* [Exercise goal]:
Find "(\<forall>(I::('a \<times> real) set)." and "set \<Rightarrow> ('a" in the records below. Copy the lines holding them and every line between, exactly, and no others.

(Data records)
(* Let $(M,d)$ be a bounded hyperconvex metric space and let $T: M\to M$ be a mapping which diminishes the radius of invariant admissible subsets of $M$. Then $T$ has a fixed point, and the fixed point set $F(T)=\{x\in M: Tx=x\}$ (with the induced metric) is hyperconvex.
   Context: A metric space $(M,d)$ is hyperconvex if for every family of closed balls $\{B(x_i,r_i)\}_{i\in I}$ in $M$ with $d(x_i,x_j)\le r_i+r_j$ for all $i,j\in I$, one has $\bigcap_{i\in I}B(x_i,r_i)\neq\emptyset$. For $x\in M$ and $K\subseteq M$, $r_x(K)=\sup\{d(x,y):y\in K\}$. A bounded subset $K\subseteq M$ is admissible if it equals the intersection of all closed balls of $M$ containing it. $T$ diminishes the radius of invariant admissible subsets if for every admissible $A\subseteq M$ with $T(A)\subseteq A$, $r_{Tx}(T(A))\le r_x(A)$ for every $x\in M$. *)

theory Defs
  imports "HOL-Analysis.Analysis"
begin

text \<open>A metric space is modelled as a subset M of a type of class metric_space,
  carrying the induced metric dist. Closed balls of M are cball x r \<inter> M with x \<in> M.\<close>

definition mball :: "'a::metric_space set \<Rightarrow> 'a \<Rightarrow> real \<Rightarrow> 'a set" where
  "mball M x r = {y \<in> M. dist x y \<le> r}"

definition hyperconvex :: "'a::metric_space set \<Rightarrow> bool" where
  "hyperconvex M \<longleftrightarrow>
     (\<forall>(I::('a \<times> real) set).
        I \<subseteq> M \<times> UNIV \<longrightarrow>
        (\<forall>(x,r)\<in>I. \<forall>(y,s)\<in>I. dist x y \<le> r + s) \<longrightarrow>
        M \<inter> (\<Inter>(x,r)\<in>I. mball M x r) \<noteq> {})"

definition radius_at :: "'a::metric_space \<Rightarrow> 'a set \<Rightarrow> real" where
  "radius_at x K = (SUP y\<in>K. dist x y)"

definition admissible :: "'a::metric_space set \<Rightarrow> 'a set \<Rightarrow> bool" where
  "admissible M K \<longleftrightarrow> K \<subseteq> M \<and> bounded K \<and>
     K = M \<inter> \<Inter>{mball M x r | x r. x \<in> M \<and> K \<subseteq> mball M x r}"

definition diminishes_radius :: "'a::metric_space set \<Rightarrow> ('a \<Rightarrow> 'a) \<Rightarrow> bool" where
  "diminishes_radius M T \<longleftrightarrow>
     (\<forall>A. admissible M A \<and> T ` A \<subseteq> A \<longrightarrow>
        (\<forall>x\<in>M. radius_at (T x) (T ` A) \<le> radius_at x A))"

end

theory Submission
  imports Defs
begin

text \<open>
  Admissible subsets of a hyperconvex space behave like compact sets: pairwise intersecting
  admissible sets have a common point. Hence, by Zorn's lemma, every nonempty T-invariant
  admissible set contains a minimal one, A. Minimality makes A the intersection of the balls
  containing T(A), so r_Tx(A) = r_Tx(T(A)) \<le> r_x(A). Consequently the points of A within
  diam(A)/2 of all of A form a T-invariant admissible subset, nonempty by hyperconvexity; it
  must be A itself, so diam(A) = 0 and A is a fixed point.

  Applied to A = {x} with x fixed, the hypothesis says that T does not move points away from
  fixed points. So an intersection of pairwise intersecting balls centred at fixed points is a
  nonempty T-invariant admissible set and therefore contains a fixed point.
\<close>

lemma subset_Zorn_nonempty_Inter:
  assumes "\<A> \<noteq> {}" and ch: "\<And>\<C>. \<lbrakk>\<C> \<noteq> {}; subset.chain \<A> \<C>\<rbrakk> \<Longrightarrow> \<Inter>\<C> \<in> \<A>"
  shows "\<exists>M\<in>\<A>. \<forall>X\<in>\<A>. X \<subseteq> M \<longrightarrow> X = M"
proof -
  have "\<exists>N\<in>uminus ` \<A>. \<forall>X\<in>uminus ` \<A>. N \<subseteq> X \<longrightarrow> X = N"
  proof (rule subset_Zorn_nonempty)
    fix \<C> assume "\<C> \<noteq> {}" "subset.chain (uminus ` \<A>) \<C>"
    then have "uminus ` \<C> \<noteq> {}" "subset.chain \<A> (uminus ` \<C>)"
      by (auto simp: subset_chain_def)
    then have "\<Inter>(uminus ` \<C>) \<in> \<A>" by (rule ch)
    moreover have "\<Union>\<C> = - \<Inter>(uminus ` \<C>)" by auto
    ultimately show "\<Union>\<C> \<in> uminus ` \<A>" by blast
  qed (use assms(1) in blast)
  then show ?thesis
    by (metis (no_types, lifting) Compl_subset_Compl_iff double_complement image_iff)
qed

* [Answer to this problem]:
     (\<forall>(I::('a \<times> real) set).
        I \<subseteq> M \<times> UNIV \<longrightarrow>
        (\<forall>(x,r)\<in>I. \<forall>(y,s)\<in>I. dist x y \<le> r + s) \<longrightarrow>
        M \<inter> (\<Inter>(x,r)\<in>I. mball M x r) \<noteq> {})"

definition radius_at :: "'a::metric_space \<Rightarrow> 'a set \<Rightarrow> real" where
  "radius_at x K = (SUP y\<in>K. dist x y)"

definition admissible :: "'a::metric_space set \<Rightarrow> 'a set \<Rightarrow> bool" where
  "admissible M K \<longleftrightarrow> K \<subseteq> M \<and> bounded K \<and>
     K = M \<inter> \<Inter>{mball M x r | x r. x \<in> M \<and> K \<subseteq> mball M x r}"

definition diminishes_radius :: "'a::metric_space set \<Rightarrow> ('a \<Rightarrow> 'a) \<Rightarrow> bool" where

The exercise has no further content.